A, Enzymatic activity test for ATX, measured with AR‐2 fluorescence, quantified as relative fluorescence unit (RFU), in sham, ischemia and reperfusion (I/R), HA130, and PF8380 mouse brain slices. B, Lysophosphatidylcholine (LPC) subspecies in plasma from sham, I/R, HA130, and PF8380 mice measured with high‐performance liquid chromatography–tandem mass spectrometry (liquid chromatography–mass spectrometry [LC‐MS]) quantified relative to 18:1 LPC. C, LPA subspecies in plasma from sham, I/R, HA130, and PF8380 mice measured with LC‐MS, quantified relative to 18:1 LPA. D and E, Graph represents oxygen consumption rate (OCR) (pmol/min per µg protein) measurements in isolated mitochondria from sham, I/R, HA130, PF8380, or BrP‐LPA mouse brain tissue at baseline and after sequential addition of oligomycin, carbonyl cyanide p‐trifluoro‐methoxyphenyl hydrazone (FCCP), and antimycin A+rotenone. F, Spare respiratory capacity, ATP turnover, and maximum respiration values analyzed in sham, I/R, HA130, PF8380, or BrP‐LPA mice. All values are mean±SD. *P<0.05, **P<0.01 (1‐way ANOVA, followed by the Tukey, post hoc test, was performed).

Figure 4. Biochemical assays improved with the use of inhibitors.

A, Triphenyl tetrazolium chloride staining of mouse brain slices and respective infarct volume (percentage of the hemisphere) measured in sham, ischemia and reperfusion (I/R), HA130, PF8380, or BrP‐LPA mice (n=5 in each group). B, Superoxide measured using high‐performance liquid chromatography in brain tissue lysate after staining with a dihydroethidium fluorescence probe in sham, I/R, HA130, PF8380, or BrP‐LPA mice. C through E, Superoxide dismutase (SOD) activity, catalase activity, and glutathione peroxidase activity quantified in brain tissue lysate from sham, I/R, HA130, PF8380, or BrP‐LPA mice. F, Glutathione levels were measured in sham, I/R, HA130, PF8380, or BrP‐LPA mice. All values are mean±SD (1‐way ANOVA, followed by the Tukey, post hoc test, was performed).

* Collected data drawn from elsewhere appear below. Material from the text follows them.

(* Assume the standing assumption (S), and suppose $|\eta(x)|\le U<\infty$ for all $x\in I$. Then there exists $A\in\mathbb R_+$ such that $a_N(y)\le\frac{A}{\sqrt N}$ for all $N\ge N_0$ and all $y\in I$.
   Context: Let $-\infty\le l<r\le\infty$, $I=(l,r)$, $\eta\colon\mathbb R\to\mathbb R$ Borel with $\eta\ne0$ on $I$, $1/\eta^2\in L^1_{\mathrm{loc}}(I)$, $\eta=0$ off $I$, $m\in I$. $q(y,x)=\int_y^x\int_y^u\frac{2}{\eta^2(z)}dz\,du\in[0,\infty]$; $q(l+)=\lim_{x\searrow l}q(m,x)$, $q(r-)=\lim_{x\nearrow r}q(m,x)$. $\mu\ne\delta_0$ is a centered probability measure with finite first moment, $G_y(a)=\int q(y,y+ax)\mu(dx)$ for $y\in I$, $a\ge0$. Standing assumption (S): one of the following holds. (S1) $l=-\infty$, $r=\infty$, and there is $y_0\in I$ with $G_{y_0}(a)<\infty$ for all $a>0$. (S2) $l>-\infty$, $r=\infty$, $\inf\operatorname{supp}\mu>-\infty$, there is $y_0\in I$ with $\int_{\mathbb R_+}q(y_0,y_0+ax)\mu(dx)<\infty$ for all $a>0$; if $q(l+)<\infty$ then $\mu(\{\inf\operatorname{supp}\mu\})>0$; if $q(l+)=\infty$ then $\liminf_{y\to\infty}G_y(\bar a(y))>0$ and $\liminf_{y\searrow l}G_y(\bar a(y))>0$, where $\bar a(y)=\frac{l-y}{\inf\operatorname{supp}\mu}$. (S3) the mirror image of (S2): $l=-\infty$, $r<\infty$, $\sup\operatorname{supp}\mu<\infty$, there is $y_0\in I$ with $\int_{(-\infty,0]}q(y_0,y_0+ax)\mu(dx)<\infty$ for all $a>0$; if $q(r-)<\infty$ then $\mu(\{\sup\operatorname{supp}\mu\})>0$; if $q(r-)=\infty$ then $\liminf_{y\to-\infty}G_y(\bar a(y))>0$ and $\liminf_{y\nearrow r}G_y(\bar a(y))>0$, where $\bar a(y)=\frac{r-y}{\sup\operatorname{supp}\mu}$. (S4) $-\infty<l<r<\infty$, $\mu$ has bounded support; with $\bar a(y)=\frac{l-y}{\inf\operatorname{supp}\mu}\wedge\frac{r-y}{\sup\operatorname{supp}\mu}$: if $q(l+)<\infty$ then $\mu(\{\inf\operatorname{supp}\mu\})>0$; if $q(l+)=\infty$ then $\liminf_{y\searrow l}G_y(\bar a(y))>0$; if $q(r-)<\infty$ then $\mu(\{\sup\operatorname{supp}\mu\})>0$; if $q(r-)=\infty$ then $\liminf_{y\nearrow r}G_y(\bar a(y))>0$. Under (S) there is $N_0\in\mathbb N$ and, for $N\ge N_0$, the scale factor $a_N(y)=\sup\{a\ge0:G_y(a)\le\frac1N\}$ for $y\in I$ and $a_N=0$ at finite endpoints of $I$. *)

theory Defs
  imports "HOL-Probability.Probability"
begin
definition rank1_forms :: "nat \<Rightarrow> nat \<Rightarrow> nat \<Rightarrow> (nat \<Rightarrow> int^2) set" where
  "rank1_forms p n j = Pi UNIV (\<lambda>i.
     if i < j then {0} else if i = j then {vec2 1 0}
     else if i < n then first_axis_residues p else {0})"

definition rank2_forms :: "nat \<Rightarrow> nat \<Rightarrow> nat \<Rightarrow> nat \<Rightarrow> (nat \<Rightarrow> int^2) set" where
  "rank2_forms p n j k = Pi UNIV (\<lambda>i.
     if i < j then {0} else if i = j then {vec2 1 0}
     else if i < k then first_axis_residues p else if i = k then second_axis_units p
     else if i < n then residue_vectors p else {0})"

definition normal_forms :: "nat \<Rightarrow> nat \<Rightarrow> (nat \<Rightarrow> int^2) set" where
  "normal_forms p n = insert (\<lambda>i. 0)
     (\<Union>j<n. rank1_forms p n j \<union> (\<Union>k\<in>{j<..<n}. rank2_forms p n j k))"

lemma rank1_forms_leading:
  assumes "v \<in> rank1_forms p n j"
  shows "(LEAST i. v i \<noteq> 0) = j" "v j = vec2 1 0" "v i $ 2 = 0"
proof -
  have v: "v i \<in> (if i < j then {0} else if i = j then {vec2 1 0}
     else if i < n then first_axis_residues p else {0})" for i
    by (rule Pi_mem[OF assms[unfolded rank1_forms_def] UNIV_I])
  show "v j = vec2 1 0"
    using v[of j] by simp
  moreover have "v i = 0" if "i < j" for i
    using v[of i] that by simp
  ultimately show "(LEAST i. v i \<noteq> 0) = j"
    by (intro Least_equality) (auto simp: not_le[symmetric])
  show "v i $ 2 = 0"
    using v[of i] by (auto simp: first_axis_residues_def split: if_splits)
qed
(* Let $n\geq 1$ and let $M$ be a complex $n\times n$ matrix. Then $M$ is a complex Hadamard matrix if and only if every entry of $M$ has complex norm $1$ and every eigenvalue of $M$ has complex norm $\sqrt{n}$.
   Context: A complex Hadamard matrix of order $n$ is an $n\times n$ complex matrix $M$ all of whose entries have complex norm $1$ and which satisfies $MM^{\ast}=nI_n$, where $M^\ast$ is the conjugate transpose of $M$ and $I_n$ the identity matrix. *)

theory Defs
  imports "Jordan_Normal_Form.Char_Poly"
begin

definition conj_transpose :: "complex mat \<Rightarrow> complex mat" where
  "conj_transpose M = mat (dim_col M) (dim_row M) (\<lambda>(i,j). cnj (M $$ (j,i)))"

definition complex_hadamard :: "nat \<Rightarrow> complex mat \<Rightarrow> bool" where
  "complex_hadamard n M \<longleftrightarrow> M \<in> carrier_mat n n \<and>
     (\<forall>i<n. \<forall>j<n. cmod (M $$ (i,j)) = 1) \<and>
     M * conj_transpose M = of_nat n \<cdot>\<^sub>m 1\<^sub>m n"

end

theory Submission
  imports Defs "Jordan_Normal_Form.Schur_Decomposition"
begin

(* If M M^* = n I, then also M^* M = n I, and M v = e v gives |e|^2 |v|^2 = |M v|^2 = n |v|^2.
   Conversely, put A = M M^*. Unimodular entries make every diagonal entry of A equal to n, so
   trace A = n^2, while det A = |det M|^2 = n^n because det M is the product of the eigenvalues
   of M. The eigenvalues of A are nonnegative reals with arithmetic and geometric mean both n, so
   by the equality case of AM-GM they all equal n and trace (A^2) = n^3. As A is Hermitian,
   trace (A^2) is the sum of all |A_ij|^2; the diagonal alone contributes n^3, so A = n I. *)

lemma arith_geo_mean_eq_imp_const:
  fixes r :: "'a \<Rightarrow> real"
  assumes I: "finite I" and c: "c > 0" and nonneg: "\<And>i. i \<in> I \<Longrightarrow> r i \<ge> 0"
    and sum: "sum r I = real (card I) * c" and prod: "prod r I = c ^ card I"
    and i: "i \<in> I"
  shows "r i = c"
proof -
  define y where "y j = r j / c" for j
  have pos: "y j > 0" if "j \<in> I" for j
  proof -
    have "prod r I \<noteq> 0" using prod c by simp
    hence "r j \<noteq> 0" using I that by simp
    thus ?thesis using nonneg[OF that] c by (simp add: y_def)
  qed
  have "(\<Prod>j\<in>I. y j) = 1"
    using prod c by (simp add: y_def prod_dividef)
  moreover have "ln (\<Prod>j\<in>I. y j) = (\<Sum>j\<in>I. ln (y j))"
    by (rule ln_prod[OF I]) (use pos in fastforce)
  ultimately have sum_ln: "(\<Sum>j\<in>I. ln (y j)) = 0" by simp
  have sum_y: "(\<Sum>j\<in>I. y j) = real (card I)"
    using sum c by (simp add: y_def flip: sum_divide_distrib)
  \<comment> \<open>each term \<open>y - 1 - ln y\<close> is nonnegative and vanishes only at \<open>y = 1\<close>\<close>
  have "(\<Sum>j\<in>I. y j - 1 - ln (y j)) = 0"
    using sum_ln sum_y by (simp add: sum_subtractf)
  moreover have "y j - 1 - ln (y j) \<ge> 0" if "j \<in> I" for j
    using ln_le_minus_one[OF pos[OF that]] by simp
  ultimately have "\<forall>j\<in>I. y j - 1 - ln (y j) = 0"
    by (simp add: sum_nonneg_eq_0_iff[OF I])
  hence "ln (y i) = y i - 1" using i by simp
  hence "y i = 1" using ln_eq_minus_one[OF pos[OF i]] by blast
  thus ?thesis using c by (simp add: y_def)
qed

definition trace :: "'a::semiring_0 mat \<Rightarrow> 'a" where
  "trace A = (\<Sum>i<dim_row A. A $$ (i,i))"

lemma trace_mult_comm:
  fixes A B :: "'a::comm_semiring_0 mat"
  assumes A: "A \<in> carrier_mat n m" and B: "B \<in> carrier_mat m n"
  shows "trace (A * B) = trace (B * A)"
proof -
  have "trace (A * B) = (\<Sum>i<n. \<Sum>k<m. A $$ (i,k) * B $$ (k,i))"
    using A B by (auto simp: trace_def scalar_prod_def row_def col_def lessThan_atLeast0 intro!: sum.cong)
  also have "\<dots> = (\<Sum>k<m. \<Sum>i<n. B $$ (k,i) * A $$ (i,k))"
    by (subst sum.swap) (simp add: ac_simps)
  also have "\<dots> = trace (B * A)"
    using A B by (auto simp: trace_def scalar_prod_def row_def col_def lessThan_atLeast0 intro!: sum.cong)
  finally show ?thesis .
qed

lemma trace_similar_mat_wit:
  fixes A B :: "'a::comm_ring_1 mat"
  assumes "similar_mat_wit A B P Q"
  shows "trace A = trace B"
proof -
  define n where "n = dim_row A"
  from similar_mat_witD[OF n_def assms] have B: "B \<in> carrier_mat n n"
    and P: "P \<in> carrier_mat n n" and Q: "Q \<in> carrier_mat n n"
    and QP: "Q * P = 1\<^sub>m n" and AB: "A = P * B * Q"
    by auto
  have "trace A = trace ((P * B) * Q)" using AB by simp
  also have "\<dots> = trace (Q * (P * B))" using P B Q by (intro trace_mult_comm) auto
  also have "Q * (P * B) = (Q * P) * B" using P B Q by simp
  also have "\<dots> = B" using B QP by simp
  finally show ?thesis .
qed

lemma upper_triangular_mult_diag:
  fixes B C :: "'a::semiring_0 mat"
  assumes B: "B \<in> carrier_mat n n" "upper_triangular B"
    and C: "C \<in> carrier_mat n n" "upper_triangular C" and i: "i < n"
  shows "(B * C) $$ (i,i) = B $$ (i,i) * C $$ (i,i)"
proof -
  have "(B * C) $$ (i,i) = (\<Sum>k\<in>{0..<n}. B $$ (i,k) * C $$ (k,i))"
    using B C i by (simp add: scalar_prod_def)
  also have "\<dots> = B $$ (i,i) * C $$ (i,i)"
  proof -
    have "B $$ (i,k) * C $$ (k,i) = 0" if "k < n" "k \<noteq> i" for k
      using B C i that by (cases "k < i") (simp_all add: upper_triangularD)
    thus ?thesis using i by (subst sum.remove[of _ i]) auto
  qed
  finally show ?thesis .
qed

lemma complex_mat_eigenvalues_det_trace:
  fixes A :: "complex mat"
  assumes A: "A \<in> carrier_mat n n"
  obtains ev where "\<And>i. i < n \<Longrightarrow> eigenvalue A (ev i)"
    and "det A = (\<Prod>i<n. ev i)" and "trace A = (\<Sum>i<n. ev i)"
    and "trace (A * A) = (\<Sum>i<n. ev i ^ 2)"
proof -
  obtain es where char_poly: "char_poly A = (\<Prod>a\<leftarrow>es. [:- a, 1:])"
    using char_poly_factorized[OF A] by blast
  obtain B P Q where schur: "schur_decomposition A es = (B,P,Q)"
    by (cases "schur_decomposition A es") auto
  from schur_decomposition[OF A char_poly schur] have sim: "similar_mat_wit A B P Q"
    and triangular: "upper_triangular B" and diag: "diag_mat B = es" by auto
  have B: "B \<in> carrier_mat n n" using similar_mat_witD2[OF A sim] by auto
  have eigen: "eigenvalue A (B $$ (i,i))" if "i < n" for i
  proof -
    have "B $$ (i,i) \<in> set es" using diag B that by (auto simp: diag_mat_def)
    hence "poly (char_poly A) (B $$ (i,i)) = 0"
      unfolding char_poly poly_prod_list by auto
    thus ?thesis using eigenvalue_root_char_poly[OF A] by simp
  qed
  have "det A = det B" using det_similar sim unfolding similar_mat_def by blast
  also have "\<dots> = (\<Prod>i<n. B $$ (i,i))"
    using det_upper_triangular[OF triangular B] B by (simp add: prod_list_diag_prod lessThan_atLeast0)
  finally have det_A: "det A = (\<Prod>i<n. B $$ (i,i))" .
  have trace_A: "trace A = (\<Sum>i<n. B $$ (i,i))"
    using trace_similar_mat_wit[OF sim] B by (simp add: trace_def)
  have "similar_mat_wit (A ^\<^sub>m 2) (B ^\<^sub>m 2) P Q" by (rule similar_mat_wit_pow[OF sim])
  hence "similar_mat_wit (A * A) (B * B) P Q"
    using A B by (simp add: numeral_2_eq_2)
  hence "trace (A * A) = trace (B * B)" by (rule trace_similar_mat_wit)
  also have "\<dots> = (\<Sum>i<n. B $$ (i,i) ^ 2)"
    using B triangular upper_triangular_mult_diag[OF B triangular B triangular]
    by (simp add: trace_def power2_eq_square del: index_mult_mat(1))
  finally have "trace (A * A) = (\<Sum>i<n. B $$ (i,i) ^ 2)" .
  with eigen det_A trace_A show ?thesis by (rule that)
qed

lemma conj_transpose_carrier_mat [simp]:
  "M \<in> carrier_mat n m \<Longrightarrow> conj_transpose M \<in> carrier_mat m n"
  by (auto simp: conj_transpose_def)

lemma dim_conj_transpose [simp]:
  "dim_row (conj_transpose M) = dim_col M" "dim_col (conj_transpose M) = dim_row M"
  by (simp_all add: conj_transpose_def)

lemma index_conj_transpose [simp]:
  "i < dim_col M \<Longrightarrow> j < dim_row M \<Longrightarrow> conj_transpose M $$ (i,j) = cnj (M $$ (j,i))"
  by (simp add: conj_transpose_def)

lemma det_conj_transpose:
  assumes "M \<in> carrier_mat n n"
  shows "det (conj_transpose M) = cnj (det M)"
proof -
  interpret cnj: comm_ring_hom cnj by unfold_locales auto
  have "conj_transpose M = map_mat cnj (transpose_mat M)" by (rule eq_matI) auto
  thus ?thesis using assms by (simp add: det_transpose)
qed

lemma index_mult_conj_transpose:
  assumes "M \<in> carrier_mat n m" and "i < n" and "j < n"
  shows "(M * conj_transpose M) $$ (i,j) = (\<Sum>k<m. M $$ (i,k) * cnj (M $$ (j,k)))"
  using assms by (auto simp: scalar_prod_def lessThan_atLeast0 intro!: sum.cong)

lemma cscalar_prod_conj_transpose:
  assumes M: "M \<in> carrier_mat n m" and x: "x \<in> carrier_vec m" and w: "w \<in> carrier_vec n"
  shows "(M *\<^sub>v x) \<bullet>c w = x \<bullet>c (conj_transpose M *\<^sub>v w)"
proof -
  have "(M *\<^sub>v x) \<bullet>c w = (\<Sum>i<n. (\<Sum>k<m. M $$ (i,k) * x $ k) * cnj (w $ i))"
    using M x w by (auto simp: scalar_prod_def lessThan_atLeast0 intro!: sum.cong)
  also have "\<dots> = (\<Sum>i<n. \<Sum>k<m. M $$ (i,k) * x $ k * cnj (w $ i))"
    by (simp add: sum_distrib_right)
  also have "\<dots> = (\<Sum>k<m. x $ k * cnj (\<Sum>i<n. cnj (M $$ (i,k)) * w $ i))"
    by (subst sum.swap) (simp add: sum_distrib_left ac_simps)
  also have "\<dots> = x \<bullet>c (conj_transpose M *\<^sub>v w)"
    using M x w by (auto simp: scalar_prod_def lessThan_atLeast0 intro!: sum.cong)
  finally show ?thesis .
qed

lemma smult_one_mult_mat_vec:
  "v \<in> carrier_vec n \<Longrightarrow> (k \<cdot>\<^sub>m 1\<^sub>m n) *\<^sub>v v = (k :: 'a :: comm_semiring_1) \<cdot>\<^sub>v v"
  by (rule eq_vecI) (auto simp: scalar_prod_def if_distrib if_distribR cong: if_cong)

lemma conj_transpose_mult_eq_smult_one:
  assumes M: "M \<in> carrier_mat n n" and c: "c \<noteq> 0"
    and right: "M * conj_transpose M = c \<cdot>\<^sub>m 1\<^sub>m n"
  shows "conj_transpose M * M = c \<cdot>\<^sub>m 1\<^sub>m n"
proof -
  have cancel: "c \<cdot>\<^sub>m (inverse c \<cdot>\<^sub>m A) = A" for A :: "complex mat"
    using c by (intro eq_matI) simp_all
  let ?N = "inverse c \<cdot>\<^sub>m conj_transpose M"
  have "M * ?N = inverse c \<cdot>\<^sub>m (M * conj_transpose M)"
    using M by (intro mult_smult_distrib) auto
  also have "\<dots> = inverse c \<cdot>\<^sub>m (c \<cdot>\<^sub>m 1\<^sub>m n)" by (simp only: right)
  also have "\<dots> = 1\<^sub>m n" using c by (intro eq_matI) simp_all
  finally have "M * ?N = 1\<^sub>m n" .
  hence left_inverse: "?N * M = 1\<^sub>m n"
    by (intro mat_mult_left_right_inverse[OF M]) (use M in simp_all)
  have "conj_transpose M * M = c \<cdot>\<^sub>m (inverse c \<cdot>\<^sub>m (conj_transpose M * M))"
    by (simp only: cancel)
  also have "inverse c \<cdot>\<^sub>m (conj_transpose M * M) = ?N * M"
    by (rule mult_smult_assoc_mat[of _ n n, symmetric]) (use M in simp_all)
  finally show ?thesis by (simp only: left_inverse)
qed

Figure 5. Improved endothelial permeability with the use of inhibitors.

A, Evans blue fluorescence measured and quantified with relative fluorescence unit (RFU) in whole brains of sham, ischemia and reperfusion (I/R), HA130, PF8380, or BrP‐LPA mice. B, Immunofluorescence staining for claudin‐5 in ipsilateral cortex of sham, I/R, HA130, PF8380, or BrP‐LPA mice. C, Immunofluorescence staining for zonula occludens‐1 in ipsilateral cortex of sham, I/R, HA130, PF8380, or BrP‐LPA mice. Bar=200 µm. All values are mean±SD (1‐way ANOVA, followed by the Tukey, post hoc test, was performed). CD31 indicates cluster of differentiation 31; and DAPI, 4′,6‐diamidino‐2‐phenylindole.